Transcribe the lines from the start of the data below through the line with "by (rule core_tail_disjoint)", word for word and nothing more.

---------- Data supplied

lemma rewired_excursion_swap:
  "excursion_swap verts core tail adjG (radj 0) x0 (0, 0) (0, 2 * a + 2)
    reflect_ends unreflect_ends"
proof unfold_locales
  show "finite verts" by (rule finite_verts)
  show "verts = core \<union> tail" by (rule verts_eq)
  show "core \<inter> tail = {}" by (rule core_tail_disjoint)
  show "x0 \<in> core" "(0, 0) \<in> core" by (simp_all add: core_def)
  show "(0, 2 * a + 2) \<in> tail" using a_b by (simp add: tail_def)
  show "\<And>u v. adjG u v \<Longrightarrow> adjG v u" "\<And>u v. radj 0 u v \<Longrightarrow> radj 0 v u"
    by (rule radj_sym, assumption)+
  show "\<And>u v. u \<in> core \<Longrightarrow> v \<in> core \<Longrightarrow> adjG u v = radj 0 u v" by (rule radj_core)
  show "\<And>u v. u \<in> tail \<Longrightarrow> v \<in> tail \<Longrightarrow> adjG u v = radj 0 u v"
    using radj_tail[of "2 * a + 1" 0] by simp
  show "\<And>u v. u \<in> core \<Longrightarrow> v \<in> tail \<Longrightarrow> adjG u v \<longleftrightarrow> u = x0 \<and> v = (0, 2 * a + 2)"
    "\<And>u v. u \<in> core \<Longrightarrow> v \<in> tail \<Longrightarrow> radj 0 u v \<longleftrightarrow> u = (0, 0) \<and> v = (0, 2 * a + 2)"
    by (rule radj_core_tail; simp)+
  show "\<And>r. set r \<subseteq> core \<Longrightarrow> set (reflect_ends r) \<subseteq> core \<and> length (reflect_ends r) = length r"
    by (rule reflect_ends_core)
  show "\<And>r. r \<in> walks_between core adjG x0 x0 \<Longrightarrow>
      reflect_ends r \<in> walks_between core adjG (0, 0) (0, 0)"
    by (rule reflect_ends_walk)
  show "\<And>r. r \<in> walks_between core adjG x0 x0 \<Longrightarrow> unreflect_ends (reflect_ends r) = r"
    by (rule unreflect_reflect_ends)
qed

definition pendant_excursion :: "(nat \<times> nat) list" where
  "pendant_excursion = map (Pair 0) [0..<Suc a] @ [(1, 1)] @ rev (map (Pair 0) [0..<Suc a])"

lemma path_walk: "n \<le> 2 * a + 1 \<Longrightarrow> successively adjG (map (Pair 0) [0..<Suc n])"
proof (induction n)
  case (Suc n)
  then have "adjG (0, n) (0, Suc n)" using path_adj[of n "Suc n"] by simp
  then show ?case using Suc by (simp add: successively_append_iff last_map)
qed simp

lemma pendant_excursion_walk: "pendant_excursion \<in> walks_between core adjG (0, 0) (0, 0)"
proof -
  let ?p = "map (Pair (0::nat)) [0..<Suc a]"
  have "(Suc 0, 1) \<in> pendant"
    using qs_ne qs_pos by (auto simp: pendant_def intro!: exI[of _ 0])
  then have "(1, 1) \<in> core" "(1, 1) \<in> verts" "(0, a) \<in> verts"
    by (auto simp: core_def verts_def)
  then have "adjG (0, a) (1, 1)" "adjG (1, 1) (0, a)"
    by (auto simp: radj_def rarc_def)
  moreover have "successively adjG ?p" using path_walk[of a] by simp
  moreover from this have "successively adjG (rev ?p)"
    unfolding successively_rev by (rule successively_mono) (simp add: radj_sym)
  ultimately have "successively adjG pendant_excursion"
    by (simp add: pendant_excursion_def successively_append_iff last_map hd_rev)
  moreover have "set pendant_excursion \<subseteq> core"
    using \<open>(1, 1) \<in> core\<close> by (auto simp: pendant_excursion_def core_def)
  ultimately show ?thesis
    by (simp add: walks_between_def pendant_excursion_def hd_map upt_conv_Cons last_rev
        del: upt_Suc)
qed

lemma pendant_excursion_not_reflected:
  "pendant_excursion \<notin> reflect_ends ` walks_between core adjG x0 x0"
proof
  assume "pendant_excursion \<in> reflect_ends ` walks_between core adjG x0 x0"
  then obtain r where "r \<in> walks_between core adjG x0 x0" "pendant_excursion = reflect_ends r"
    by blast
  moreover have "(1, 1) \<in> set pendant_excursion" "(0, Suc a) \<notin> set pendant_excursion"
    by (auto simp: pendant_excursion_def)
  ultimately show False
    using reflect_ends_visits by (fastforce simp: path_below_def)
qed

theorem rewired_path_prec:
  "(\<forall>k. M verts adjG k \<le> M verts (radj 0) k) \<and> (\<exists>k. M verts adjG k < M verts (radj 0) k)"
  using excursion_swap.M_le[OF rewired_excursion_swap]
    excursion_swap.M_less[OF rewired_excursion_swap pendant_excursion_walk
      pendant_excursion_not_reflected]
  by blast

section \<open>Starlike trees\<close>

lemma starlike_verts_cases:
  assumes "u \<in> starlike_verts (qs @ [c, d])"
  obtains "u = (0, 0)" | "u \<in> pendant" "0 < fst u" "fst u \<le> length qs"
    | j where "u = (Suc (length qs), j)" "1 \<le> j" "j \<le> c"
    | j where "u = (Suc (Suc (length qs)), j)" "1 \<le> j" "j \<le> d"
proof -
  consider "u = (0, 0)"
    | i j where "u = (Suc i, j)" "i < Suc (Suc (length qs))" "1 \<le> j" "j \<le> (qs @ [c, d]) ! i"
    using assms by (auto simp: starlike_verts_def)
  then show thesis
  proof cases
    case (2 i j)
    then consider "i < length qs" | "i = length qs" | "i = Suc (length qs)" by linarith
    then show thesis using 2 that by cases (auto simp: pendant_def nth_append)
  qed (use that in blast)
qed

lemma starlike_verts_cases_split:
  assumes "u \<in> starlike_verts (qs @ [c, d])"
  obtains "u = (0, 0)" | "u \<in> pendant" "0 < fst u" "fst u \<le> length qs"
    | j where "u = (Suc (length qs), j)" "1 \<le> j" "j \<le> c"
    | j where "u = (Suc (Suc (length qs)), j)" "1 \<le> j" "j \<le> a"
    | j where "u = (Suc (Suc (length qs)), j)" "a < j" "j \<le> d"
  using assms by (cases rule: starlike_verts_cases) (metis not_le)+

text \<open>In S(qs, a, b) the branch a runs to the left
  and b to the right; in S(qs, a + 1, b - 1) the branch a + 1 runs to the right, and b - 1 runs
  to the left and continues past (0, 0) into the tail.\<close>

definition iso_G :: "nat \<times> nat \<Rightarrow> nat \<times> nat" where
  "iso_G u = (if fst u = 0 then (0, a) else if fst u = Suc (length qs) then (0, a - snd u)
     else if fst u = Suc (Suc (length qs)) then (0, a + snd u) else u)"

lemma iso_G_simps:
  "iso_G (0, 0) = (0, a)" "iso_G (Suc (length qs), j) = (0, a - j)"
  "iso_G (Suc (Suc (length qs)), j) = (0, a + j)"
  "0 < fst u \<Longrightarrow> fst u \<le> length qs \<Longrightarrow> iso_G u = u"
  by (auto simp: iso_G_def)

lemma arc_iso_G:
  assumes "u \<in> starlike_verts (qs @ [a, b])" "v \<in> starlike_verts (qs @ [a, b])"
  shows "(starlike_arc u v \<or> starlike_arc v u) \<longleftrightarrow>
    (rarc (2 * a + 1) (iso_G u) (iso_G v) \<or> rarc (2 * a + 1) (iso_G v) (iso_G u))"
  using assms by (elim starlike_verts_cases) (auto simp: starlike_arc_def rarc_def iso_G_simps)

definition iso_H :: "nat \<times> nat \<Rightarrow> nat \<times> nat" where
  "iso_H u = (if fst u = 0 then (0, a) else if fst u = Suc (length qs) then (0, a + snd u)
     else if fst u = Suc (Suc (length qs))
       then (if snd u \<le> a then (0, a - snd u) else (0, Suc a + snd u)) else u)"

lemma iso_H_simps:
  "iso_H (0, 0) = (0, a)" "iso_H (Suc (length qs), j) = (0, a + j)"
  "j \<le> a \<Longrightarrow> iso_H (Suc (Suc (length qs)), j) = (0, a - j)"
  "a < j \<Longrightarrow> iso_H (Suc (Suc (length qs)), j) = (0, Suc a + j)"
  "0 < fst u \<Longrightarrow> fst u \<le> length qs \<Longrightarrow> iso_H u = u"
  by (auto simp: iso_H_def)

lemma arc_iso_H:
  assumes "u \<in> starlike_verts (qs @ [Suc a, b - 1])" "v \<in> starlike_verts (qs @ [Suc a, b - 1])"
  shows "(starlike_arc u v \<or> starlike_arc v u) \<longleftrightarrow>
    (rarc 0 (iso_H u) (iso_H v) \<or> rarc 0 (iso_H v) (iso_H u))"
  using assms
  by (elim starlike_verts_cases_split) (auto simp: starlike_arc_def rarc_def iso_H_simps)

lemma starlike_verts_intros:
  "(0, 0) \<in> starlike_verts xs" "u \<in> pendant \<Longrightarrow> u \<in> starlike_verts (qs @ [c, d])"
  "1 \<le> j \<Longrightarrow> j \<le> c \<Longrightarrow> (Suc (length qs), j) \<in> starlike_verts (qs @ [c, d])"
  "1 \<le> j \<Longrightarrow> j \<le> d \<Longrightarrow> (Suc (Suc (length qs)), j) \<in> starlike_verts (qs @ [c, d])"
  by (auto simp: starlike_verts_def pendant_def nth_append)

lemma verts_cases:
  assumes "v \<in> verts"
  obtains "v \<in> pendant" "0 < fst v" "fst v \<le> length qs" | i where "v = (0, i)" "i \<le> a + b"
  using assms by (auto simp: verts_def pendant_def)

lemma verts_intros: "i \<le> a + b \<Longrightarrow> (0, i) \<in> verts" "u \<in> pendant \<Longrightarrow> u \<in> verts"
  by (auto simp: verts_def)

lemma bij_iso_G: "bij_betw iso_G (starlike_verts (qs @ [a, b])) verts"
proof (rule bij_betw_byWitness[where f' = "\<lambda>v. if fst v = 0
    then (if snd v = a then (0, 0) else if snd v < a then (Suc (length qs), a - snd v)
      else (Suc (Suc (length qs)), snd v - a)) else v"])
qed (auto simp: iso_G_simps starlike_verts_intros verts_intros
    elim!: starlike_verts_cases verts_cases)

--------------------

Answer to this task »
lemma rewired_excursion_swap:
  "excursion_swap verts core tail adjG (radj 0) x0 (0, 0) (0, 2 * a + 2)
    reflect_ends unreflect_ends"
proof unfold_locales
  show "finite verts" by (rule finite_verts)
  show "verts = core \<union> tail" by (rule verts_eq)
  show "core \<inter> tail = {}" by (rule core_tail_disjoint)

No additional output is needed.